I don’t claim to be any sort of expert on feminism. I haven’t done the reading. Pretty simple self-assessment there… I don’t have much of a defence of it. But I know in my bones what is right and what it wrong. There are certain types of feminism that make my skin crawl. I struggle with the 21st century reinvention of what “the modern woman” looks like, especially in the workplace. This domain, whose winding corridors of secret culture and back rooms of unarticulated standards, has deliberately been used to exclude women. It has become the breeding ground for a type of feminism that makes me want to vomit on the boardroom table. The “Girlboss Feminist”.
I’ve never met one was comfortable with.
The “Girlboss” is a particular brand of white feminism that focuses your value as a person on how successful you are at capitalism. The perpetuation of the lie that wealth and power and status are the only metric to define if a person is “a success” in their life and not say… I dunno… improving the lives of those around you? Ensuring that those that you love are safe and nurtured? A life spent ensuring that those who have trickled down to the bottom of the economic/social pile-on are considered and cared for? Heaven forbid! That’s not something that you can quantify in a profit and loss sheet so it’s “worthless”. Girlboss Feminism focuses inwards. It stands in defiance of “the haters”. If there was any real examination these would seem to regularly be the people someone stepped on to get to the top. It is the denial of rather than the recognition of the community that shepherded you up in the world. The idea that in order to equalize the systemic patriarchy of the corporate world women just need to more assertive, more individualist, more ruthless and just “be more like men”? As if those are the things that have made men successful and not, oh I dunno, decades of deliberate marginalizing of women?
I feel the coiling slither of dysphoria inside me. Makes me wanna puke.
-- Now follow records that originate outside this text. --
(* Let $\mathcal{Z}\subset\mathbb{R}^n$ be closed and convex, and let $f:\mathcal{Z}\to\mathbb{R}^n$ be such that $-f$ is $\beta$-strongly monotone and globally $L$-Lipschitz. Consider, for $K>0$, the anti-windup approximation $$\dot z=F_K(z):=f(P_\mathcal{Z}(z))-\tfrac1K\big(z-P_\mathcal{Z}(z)\big),\qquad z\in\mathbb{R}^n.$$ Then for all $0<K<4\beta/L^2$, every trajectory of this system converges to an equilibrium point $z^\star$, which is unique, and $P_\mathcal{Z}(z^\star)$ is the unique equilibrium of the projected dynamical system $\dot z=\Pi_\mathcal{Z}[f](z)$, $z\in\mathcal{Z}$.
   Context: $P_\mathcal{Z}$ is the Euclidean projection onto $\mathcal{Z}$. A map $F$ is $\beta$-strongly monotone on $\mathcal{C}$ if $\langle v-v',x-x'\rangle\ge\beta\|x-x'\|^2$ for all $x,x'\in\mathcal{C}$, $v\in F(x)$, $v'\in F(x')$. $T_x\mathcal{Z}$ is the tangent cone of $\mathcal{Z}$ at $x$, and $\Pi_\mathcal{Z}[f](x):=\arg\min_{v\in T_x\mathcal{Z}}\|v-f(x)\|$ for $x\in\mathcal{Z}$. An equilibrium of the projected system is a point $\bar z\in\mathcal{Z}$ such that the constant trajectory at $\bar z$ is a (Carathéodory) solution, i.e., $\Pi_\mathcal{Z}[f](\bar z)=0$. *)

theory Defs
  imports "HOL-Analysis.Analysis"
begin

text \<open>Euclidean projection onto Z: the library's closest_point Z.\<close>

definition strongly_monotone_on :: "real \<Rightarrow> 'a::real_inner set \<Rightarrow> ('a \<Rightarrow> 'a) \<Rightarrow> bool" where
  "strongly_monotone_on \<beta> C F \<longleftrightarrow>
     (\<forall>x\<in>C. \<forall>x'\<in>C. inner (F x - F x') (x - x') \<ge> \<beta> * (norm (x - x'))\<^sup>2)"

definition tangent_cone :: "'a::real_normed_vector set \<Rightarrow> 'a \<Rightarrow> 'a set" where
  "tangent_cone Z x = closure {c *\<^sub>R (y - x) | c y. c > 0 \<and> y \<in> Z}"

definition proj_field :: "'a::euclidean_space set \<Rightarrow> ('a \<Rightarrow> 'a) \<Rightarrow> 'a \<Rightarrow> 'a" where
  "proj_field Z f x = closest_point (tangent_cone Z x) (f x)"

definition proj_equilibrium :: "'a::euclidean_space set \<Rightarrow> ('a \<Rightarrow> 'a) \<Rightarrow> 'a \<Rightarrow> bool" where
  "proj_equilibrium Z f z \<longleftrightarrow> z \<in> Z \<and> proj_field Z f z = 0"

definition antiwindup_field :: "'a::euclidean_space set \<Rightarrow> ('a \<Rightarrow> 'a) \<Rightarrow> real \<Rightarrow> 'a \<Rightarrow> 'a" where
  "antiwindup_field Z f K z = f (closest_point Z z) - (1 / K) *\<^sub>R (z - closest_point Z z)"

definition is_trajectory :: "('a::real_normed_vector \<Rightarrow> 'a) \<Rightarrow> (real \<Rightarrow> 'a) \<Rightarrow> bool" where
  "is_trajectory F x \<longleftrightarrow> (\<forall>t\<ge>0. (x has_vector_derivative F (x t)) (at t within {0..}))"

end

theory Submission
  imports Defs "HOL-Real_Asymp.Real_Asymp"
begin

(* Write P for the projection onto Z and r = z - P z for the residual. Since
   <r - r', P z - P z'> >= 0, the inner product <F_K z - F_K z', z - z'> is bounded above by minus
   the quadratic form beta a^2 - L a b + b^2 / K in a = |P z - P z'| and b = |r - r'|, which is
   positive definite precisely when K < 4 beta / L^2. Hence -F_K is strongly monotone on the whole
   space and F_K is Lipschitz, so a short explicit Euler step is a contraction whose fixed point is
   the unique zero zs, and |z(t) - zs|^2 decays exponentially along every trajectory. At zs,
   f (P zs) = (zs - P zs) / K is a normal vector of Z at P zs: this is the variational inequality
   characterising equilibria of the projected system, whose solution is unique by strong
   monotonicity of -f. *)

lemma closest_point_eq_iff_inner_nonpos:
  fixes S :: "'a::{real_inner,heine_borel} set"
  assumes "convex S" "closed S" "x \<in> S"
  shows "closest_point S a = x \<longleftrightarrow> (\<forall>y\<in>S. inner (a - x) (y - x) \<le> 0)"
proof
  assume "closest_point S a = x"
  then show "\<forall>y\<in>S. inner (a - x) (y - x) \<le> 0"
    using closest_point_dot[OF assms(1,2)] by blast
next
  assume obtuse: "\<forall>y\<in>S. inner (a - x) (y - x) \<le> 0"
  have "dist a x \<le> dist a y" if "y \<in> S" for y
  proof -
    have "(norm (a - y))\<^sup>2 = (norm (a - x))\<^sup>2 - 2 * inner (a - x) (y - x) + (norm (y - x))\<^sup>2"
      by (simp add: power2_norm_eq_inner inner_diff inner_commute)
    then have "(norm (a - x))\<^sup>2 \<le> (norm (a - y))\<^sup>2"
      using obtuse that by (smt (verit) zero_le_power2)
    then show ?thesis by (simp add: dist_norm power2_le_iff_abs_le)
  qed
  then show "closest_point S a = x"
    using closest_point_unique[OF assms] by simp
qed

lemma tangent_cone_eq_closure_cone_hull:
  assumes "z \<in> Z"
  shows "tangent_cone Z z = closure (cone hull ((\<lambda>y. y - z) ` Z))"
proof -
  have "{c *\<^sub>R (y - z) | c y. c > 0 \<and> y \<in> Z} = cone hull ((\<lambda>y. y - z) ` Z)"
  proof
    show "{c *\<^sub>R (y - z) | c y. c > 0 \<and> y \<in> Z} \<subseteq> cone hull ((\<lambda>y. y - z) ` Z)"
      unfolding cone_hull_expl by force
  next
    show "cone hull ((\<lambda>y. y - z) ` Z) \<subseteq> {c *\<^sub>R (y - z) | c y. c > 0 \<and> y \<in> Z}"
    proof
      fix v assume "v \<in> cone hull ((\<lambda>y. y - z) ` Z)"
      then obtain c y where v: "v = c *\<^sub>R (y - z)" "c \<ge> 0" "y \<in> Z"
        unfolding cone_hull_expl by auto
      show "v \<in> {c *\<^sub>R (y - z) | c y. c > 0 \<and> y \<in> Z}"
      proof (cases "c = 0")
        case True
        then have "v = 1 *\<^sub>R (z - z)" using v by simp
        then show ?thesis using assms zero_less_one by blast
      next
        case False
        then show ?thesis using v by force
      qed
    qed
  qed
  then show ?thesis unfolding tangent_cone_def by simp
qed

lemma convex_tangent_cone:
  assumes "convex Z" "z \<in> Z"
  shows "convex (tangent_cone Z z)"
  unfolding tangent_cone_eq_closure_cone_hull[OF assms(2)]
  by (intro convex_closure convex_cone_hull convex_translation_subtract assms(1))

lemma closed_tangent_cone: "closed (tangent_cone Z z)"
  unfolding tangent_cone_def by simp

lemma diff_mem_tangent_cone:
  assumes "y \<in> Z"
  shows "y - z \<in> tangent_cone Z z"
proof -
  have "1 *\<^sub>R (y - z) \<in> {c *\<^sub>R (y - z) | c y. c > 0 \<and> y \<in> Z}"
    using assms zero_less_one by blast
  then show ?thesis unfolding tangent_cone_def using closure_subset by force
qed

lemma tangent_cone_inner_nonpos:
  assumes "\<And>y. y \<in> Z \<Longrightarrow> inner a (y - z) \<le> 0" and "v \<in> tangent_cone Z z"
  shows "inner a v \<le> 0"
proof -
  have "{c *\<^sub>R (y - z) | c y. c > 0 \<and> y \<in> Z} \<subseteq> {v. inner a v \<le> 0}"
    using assms(1) by (auto simp: mult_nonneg_nonpos)
  then have "tangent_cone Z z \<subseteq> {v. inner a v \<le> 0}"
    unfolding tangent_cone_def by (intro closure_minimal) (auto simp: closed_halfspace_le)
  then show ?thesis using assms(2) by auto
qed

lemma proj_equilibrium_iff:
  fixes Z :: "'a::euclidean_space set"
  assumes "convex Z"
  shows "proj_equilibrium Z f z \<longleftrightarrow> z \<in> Z \<and> (\<forall>y\<in>Z. inner (f z) (y - z) \<le> 0)"
proof (cases "z \<in> Z")
  case True
  have "0 \<in> tangent_cone Z z"
    using diff_mem_tangent_cone[OF True, of z] by simp
  then have "proj_field Z f z = 0 \<longleftrightarrow> (\<forall>v\<in>tangent_cone Z z. inner (f z) v \<le> 0)"
    unfolding proj_field_def
    by (simp add: closest_point_eq_iff_inner_nonpos[OF convex_tangent_cone[OF assms True]
        closed_tangent_cone])
  also have "\<dots> \<longleftrightarrow> (\<forall>y\<in>Z. inner (f z) (y - z) \<le> 0)"
    using diff_mem_tangent_cone tangent_cone_inner_nonpos by metis
  finally show ?thesis unfolding proj_equilibrium_def using True by simp
qed (simp add: proj_equilibrium_def)

lemma strongly_monotone_on_uminusD:
  fixes F :: "'a::real_inner \<Rightarrow> 'a"
  assumes "strongly_monotone_on \<mu> C (\<lambda>x. - F x)" "x \<in> C" "x' \<in> C"
  shows "inner (F x - F x') (x - x') \<le> - \<mu> * (norm (x - x'))\<^sup>2"
proof -
  have "\<mu> * (norm (x - x'))\<^sup>2 \<le> inner (- F x - - F x') (x - x')"
    using assms unfolding strongly_monotone_on_def by blast
  then show ?thesis by (simp add: inner_diff_left)
qed

lemma variational_inequality_unique:
  fixes Z :: "'a::real_inner set"
  assumes "strongly_monotone_on \<beta> Z (\<lambda>x. - f x)" "\<beta> > 0"
    and z: "z \<in> Z" "\<forall>y\<in>Z. inner (f z) (y - z) \<le> 0"
    and w: "w \<in> Z" "\<forall>y\<in>Z. inner (f w) (y - w) \<le> 0"
  shows "z = w"
proof -
  have "\<beta> * (norm (z - w))\<^sup>2 \<le> inner (- f z - - f w) (z - w)"
    using assms(1) z w unfolding strongly_monotone_on_def by blast
  also have "\<dots> = inner (f z) (w - z) + inner (f w) (z - w)"
    by (simp add: inner_diff_left inner_diff_right algebra_simps)
  also have "\<dots> \<le> 0"
    using z w by (simp add: add_nonpos_nonpos)
  finally show ?thesis
    using \<open>\<beta> > 0\<close> by (simp add: mult_le_0_iff)
qed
I realised I’m feeling a tiny shadow of what Gibson’s marketing wunderkind described, the feeling of your body rejecting something. “Girlboss Feminism” feels like a trap. It feels like an enticing lure to fool women into a way of thinking, a way of acting to ensure that the ruthless exploit-everyone-around-you world view is enshrined in a movement that is specifically about ending the exploitation of those around us. I have lived in the world of men. I have worked alongside, for and with charlatans and fraudsters, men who were shielded by the “it’s just business” culture. And now that I’m living among women who elevate, nurture and cherish the uniqueness of those around them. I feel blessed to be amoung them.
I haven’t done the feminist reading. I haven’t had the full breath of lived experience. But there are certain types of feminism that to me, don’t feel like “womanhood” when I do them… they just make me feel like a man. Your opinions may differ from mine, but I know what I feel in my bones and in the pit of my stomach.